"""

lemma has_bochner_integral_rodrigues_dmons_mult:
  assumes A: "A \<subseteq> {..<d}" and g_A: "\<forall>l\<in>A. g l > -1"
    and g_int: "\<forall>l<d. l \<notin> A \<longrightarrow> g l = - real (\<mu> l)" and g_d: "g d = - real M"
    and deg: "(\<Sum>l<d. \<alpha> l) + (\<Sum>l\<in>{..<d}-A. \<mu> l) + M < (\<Sum>l<d. n l)"
  shows "has_bochner_integral (lebesgue_d d)
     (\<lambda>x. indicator (open_simplex {..<d} 1) x
          * dmons_eval d (dmons_mult [(1, weighted_exponent A \<mu> \<alpha>, real M)] (rodrigues_dmons d g n)) x) 0"
proof -
  let ?\<rho> = "weighted_exponent A \<mu> \<alpha>"
  have "(\<Sum>l<d. (if l \<in> A then 0 else \<mu> l)) = (\<Sum>l\<in>{..<d}-A. \<mu> l)"
    by (simp add: sum.If_cases Diff_eq)
  then have "(\<Sum>l<d. ?\<rho> l) = real (\<Sum>l<d. \<alpha> l) + real (\<Sum>l\<in>{..<d}-A. \<mu> l)"
    unfolding weighted_exponent_def of_nat_sum[symmetric] sum.distrib by simp
  then have "(\<Sum>l<d. ?\<rho> l) + real M < real (\<Sum>l<d. n l)"
    using deg by linarith
  then have "dmons_integral d (dmons_mult (dmons_derivs [] [(1, ?\<rho>, real M)]) (rodrigues_dmons d g n)) = 0"
    unfolding rodrigues_dmons_def using g_A g_int g_d
    by (intro dmons_integral_mult_derivs_eq_0)
       (auto simp: weighted_exponent_def set_partial_word count_partial_word length_partial_word)
  then have zero: "dmons_integral d (dmons_mult [(1, ?\<rho>, real M)] (rodrigues_dmons d g n)) = 0"
    by simp
  have integrable: "\<forall>(c, e, b)\<in>set (dmons_mult [(1, ?\<rho>, real M)] (rodrigues_dmons d g n)).
      ((\<forall>l<d. e l > -1) \<and> b > -1) \<or> c = 0"
  proof (clarsimp simp: set_dmons_mult)
    fix c' e' b' assume t: "(c', e', b') \<in> set (rodrigues_dmons d g n)"
    note e'_ge = rodrigues_dmons_exponents_ge[OF t]
    have "?\<rho> l + e' l > -1" if "l < d" for l
      using e'_ge g_A g_int that by (cases "l \<in> A") (force simp: weighted_exponent_def)+
    moreover have "real M + b' > -1" using e'_ge g_d by simp
    ultimately show "(\<forall>l<d. ?\<rho> l + e' l > -1) \<and> real M + b' > -1" by blast
  qed
  from has_bochner_integral_dmons[OF integrable] show ?thesis
    unfolding zero .
qed

theorem rodrigues_orthogonal_to_low_degree:
  fixes g :: "nat \<Rightarrow> real" and \<mu> n :: "nat \<Rightarrow> nat" and M :: nat
    and Q :: "(nat \<Rightarrow> real) \<Rightarrow> real"
  assumes A: "A \<subseteq> {..<d}" and g_A: "\<forall>l\<in>A. g l > -1"
    and g_int: "\<forall>l<d. l \<notin> A \<longrightarrow> g l = - real (\<mu> l)" and g_d: "g d = - real M"
    and Q: "Q \<in> poly_space d (int (\<Sum>l<d. n l) - int (\<Sum>l\<in>{..<d}-A. \<mu> l) - int M - 1)"
  shows "has_bochner_integral (lebesgue_d d)
     (\<lambda>x. indicator (std_simplex d) x * (rodrigues d g n x * Q x * (\<Prod>l\<in>A. x l powr g l))) 0"
proof -
  define S where "S = {\<alpha>. (\<forall>i. d \<le> i \<longrightarrow> \<alpha> i = 0)
    \<and> int (\<Sum>i<d. \<alpha> i) \<le> int (\<Sum>l<d. n l) - int (\<Sum>l\<in>{..<d}-A. \<mu> l) - int M - 1}"
  from Q obtain c where Q_eq: "Q = (\<lambda>x. \<Sum>\<alpha>\<in>S. c \<alpha> * (\<Prod>i<d. x i ^ \<alpha> i))"
    unfolding poly_space_def S_def by blast
  let ?T = "\<lambda>\<alpha>. dmons_mult [(1, weighted_exponent A \<mu> \<alpha>, real M)] (rodrigues_dmons d g n)"
  let ?W = "\<lambda>x. \<Prod>l\<in>A. x l powr g l"
  have "indicator (std_simplex d) x * (rodrigues d g n x * Q x * ?W x)
      = (\<Sum>\<alpha>\<in>S. c \<alpha> * (indicator (open_simplex {..<d} 1) x * dmons_eval d (?T \<alpha>) x))" for x
  proof (cases "x \<in> open_simplex {..<d} 1")
    case True
    then have "x \<in> std_simplex d" by (auto simp: open_simplex_def std_simplex_def abs_pt_def less_imp_le)
    have "rodrigues d g n x * Q x * ?W x = (\<Sum>\<alpha>\<in>S. c \<alpha> * (rodrigues d g n x * (\<Prod>i<d. x i ^ \<alpha> i) * ?W x))"
      unfolding Q_eq by (simp add: sum_distrib_left sum_distrib_right mult_ac)
    also have "\<dots> = (\<Sum>\<alpha>\<in>S. c \<alpha> * dmons_eval d (?T \<alpha>) x)"
      using rodrigues_mult_monomial_eq_dmons_eval[OF A g_int g_d True] by simp
    finally show ?thesis using True \<open>x \<in> std_simplex d\<close> by simp
  next
    case False
    then show ?thesis by (cases "x \<in> std_simplex d") (simp_all add: rodrigues_eq_0_on_boundary)
  qed
  moreover have "(\<Sum>l<d. \<alpha> l) + (\<Sum>l\<in>{..<d}-A. \<mu> l) + M < (\<Sum>l<d. n l)" if "\<alpha> \<in> S" for \<alpha>
  proof -
    have "int (\<Sum>i<d. \<alpha> i) \<le> int (\<Sum>l<d. n l) - int (\<Sum>l\<in>{..<d}-A. \<mu> l) - int M - 1"
      using that by (simp add: S_def del: of_nat_sum)
    then show ?thesis by linarith
  qed
  then have "has_bochner_integral (lebesgue_d d)
      (\<lambda>x. \<Sum>\<alpha>\<in>S. c \<alpha> * (indicator (open_simplex {..<d} 1) x * dmons_eval d (?T \<alpha>) x)) (\<Sum>\<alpha>\<in>S. c \<alpha> * 0)"
    by (intro has_bochner_integral_sum has_bochner_integral_mult_right
        has_bochner_integral_rodrigues_dmons_mult[OF A g_A g_int g_d])
  ultimately show ?thesis by simp
qed

theorem lemma2p3:
  fixes d k :: nat and \<gamma> :: "nat \<Rightarrow> real" and m n :: "nat \<Rightarrow> nat"
    and Q :: "(nat \<Rightarrow> real) \<Rightarrow> real"
  assumes "1 \<le> d" and "1 \<le> k" and "k \<le> d"
    and "\<forall>i\<le>d - k. \<gamma> i > -1"
    and "\<forall>i<k. 0 < m i"
    and "Q \<in> poly_space d (int (\<Sum>i<d. n i) - int (\<Sum>i<k. m i) - 1)"
  shows "set_integrable (lebesgue_d d) (std_simplex d)
           (\<lambda>x. rodrigues d (concat_param d k \<gamma> m) n x * Q x * (\<Prod>i\<le>d - k. x i powr \<gamma> i))
       \<and> (LINT x:std_simplex d|lebesgue_d d.
            rodrigues d (concat_param d k \<gamma> m) n x * Q x * (\<Prod>i\<le>d - k. x i powr \<gamma> i)) = 0"
proof -
  define A where "A = {..d - k}"
  define \<mu> where "\<mu> l = m (l - (d - k + 1))" for l
  let ?g = "concat_param d k \<gamma> m"
  have A: "A \<subseteq> {..<d}" using assms(2,3) by (auto simp: A_def)
  have g_A: "\<forall>l\<in>A. ?g l > -1" using assms(4) by (simp add: A_def concat_param_def)
  have g_int: "\<forall>l<d. l \<notin> A \<longrightarrow> ?g l = - real (\<mu> l)" by (simp add: A_def \<mu>_def concat_param_def)
  have "\<not> d \<le> d - k" "d - (d - k + 1) = k - 1" using assms(1-3) by auto
  then have g_d: "?g d = - real (m (k - 1))" by (simp add: concat_param_def)
  have "{..<d} - A = {0 + (d - k + 1)..<(k - 1) + (d - k + 1)}" using assms(2,3) by (auto simp: A_def)
  then have "(\<Sum>l\<in>{..<d}-A. \<mu> l) = (\<Sum>j<k - 1. m j)"
    by (simp only: sum.shift_bounds_nat_ivl) (simp add: \<mu>_def atLeast0LessThan)
  then have "int (\<Sum>i<k. m i) = int (\<Sum>l\<in>{..<d}-A. \<mu> l) + int (m (k - 1))"
    using assms(2) by (cases k) simp_all
  then have "Q \<in> poly_space d (int (\<Sum>l<d. n l) - int (\<Sum>l\<in>{..<d}-A. \<mu> l) - int (m (k - 1)) - 1)"
    using assms(6) by (simp add: algebra_simps)
  moreover have "(\<Prod>l\<in>A. x l powr ?g l) = (\<Prod>i\<le>d - k. x i powr \<gamma> i)" for x
    unfolding A_def by (rule prod.cong) (simp_all add: concat_param_def)
  ultimately have "has_bochner_integral (lebesgue_d d) (\<lambda>x. indicator (std_simplex d) x
      * (rodrigues d ?g n x * Q x * (\<Prod>i\<le>d - k. x i powr \<gamma> i))) 0"
    using rodrigues_orthogonal_to_low_degree[OF A g_A g_int g_d] by simp
  then show ?thesis
    unfolding set_integrable_def set_lebesgue_integral_def has_bochner_integral_iff by simp
qed

end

"""

WHAT TO WORK ON » Only the number is wanted: how many lines in the data include the string "fixes"?

SOLUTION » 2